During game setup, you randomly fill the board with building tiles. These tiles are double-sided, a run-down side and a renewed side. Most tiles are to show the run-down side. Only the five tiles at the city centre (the fat cross shape enclosed by monorail tracks) show the renewed side. The run-down side of a tile shows some information. The number underneath the safety helmet indicates the cost to renew the building. The number at the top right corner is the victory points you get when you renew the building. Buildings come in seven colours, each representing a different building type. To renew a building, you need to spend helmets in the same colour as the building. However for the blue buildings, their helmet icons are multicoloured, which means you can use any one helmet colour to renew a building.

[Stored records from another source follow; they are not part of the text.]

theorem theorem3:
  fixes Y :: "'y set" and k :: nat and A :: "'y \<Rightarrow> nat \<Rightarrow> nat"
    and S :: "nat set set" and \<theta> :: "nat \<Rightarrow> real" and Sj :: "nat set" and i :: nat
    and ti :: real and \<theta>' :: "nat \<Rightarrow> real"
  assumes "monomial_model Y k A S \<theta>"
    and "Sj \<in> S" and "i \<in> Sj"
    and "\<forall>y\<in>Y. (\<exists>l\<in>Sj. A y l \<noteq> 0) \<longrightarrow> 0 \<le> (\<Sum>l\<in>Sj. A y l) \<and> (\<Sum>l\<in>Sj. A y l) \<le> 1"
    and "0 < ti" and "ti < 1"
    and "covariation k Sj i ti \<theta> \<theta>'"
  shows "covariation k Sj i ti \<theta> (proportional Sj i ti \<theta>) \<and>
         CD_dist Y (mono_prob k A (proportional Sj i ti \<theta>)) (mono_prob k A \<theta>)
           \<le> CD_dist Y (mono_prob k A \<theta>') (mono_prob k A \<theta>)"
proof -
  have "\<forall>y\<in>Y. (\<Sum>l\<in>Sj. A y l) \<le> 1"
    using assms(4) by (metis sum.neutral zero_le_one)
  then interpret monomial_block_deg_le_one Y k A S \<theta> Sj
    using assms(1,2) by unfold_locales
  let ?p = "proportional Sj i ti \<theta>"
  have theta_i: "\<theta> i < 1"
    by (rule theta_lt_one_if_covariation[OF assms(7,3,6)])
  have cov: "covariation k Sj i ti \<theta> ?p"
    by (rule covariation_proportional[OF assms(3,5,6) theta_i])
  have "CD_dist Y (mono_prob k A ?p) (mono_prob k A \<theta>) \<le> CD_dist Y (mono_prob k A \<theta>') (mono_prob k A \<theta>)"
  proof (cases "\<exists>y\<in>Y. \<exists>l\<in>Sj. A y l \<noteq> 0")
    case True
    then obtain y0 l0 where "y0 \<in> Y" "l0 \<in> Sj" "A y0 l0 \<noteq> 0"
      by blast
    then show ?thesis
      using CD_dist_proportional_le[OF assms(3,5,6) theta_i] CD_dist_covariation_ge[OF assms(7,3,6)]
      by fastforce
  next
    case False
    have "\<forall>l\<in>{1..k} - Sj. ?p l = \<theta>' l"
      using cov assms(7) unfolding covariation_def by simp
    then have "mono_prob k A ?p y = mono_prob k A \<theta>' y" if "y \<in> Y" for y
      using False that by (intro mono_prob_eq_if_unused[of Sj]) auto
    then show ?thesis
      unfolding CD_dist_def by (simp cong: image_cong)
  qed
  with cov show ?thesis ..
qed

end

On your turn you have four options. The most common action is to draw cards. Resource cards are laid out for you to pick. Five are turned face-up. You may also blind draw from the deck. This is like Ticket To Ride. The cards in this photo are the resource cards. There are helmets and coins on resource cards. Helmets are for renewing buildings, and coins for recruiting specialists. Similar to renewing buildings, when you want to recruit a specialist, you need to use coins in the same colour as the specialist. On the rightmost card you can see a multicoloured coin. That's a joker. You can treat it as any colour.

Most of the gameboard is the 7x7 grid representing the city. Outside of the city centre, the city is divided into four quadrants (districts) by highways. The highways are a little hard to see from this photo though. Districts play a role. Some project cards (secret objective cards) are based on renewing a specific district as much as possible. Also, when a district has two or fewer run-down buildings remaining, the game ends.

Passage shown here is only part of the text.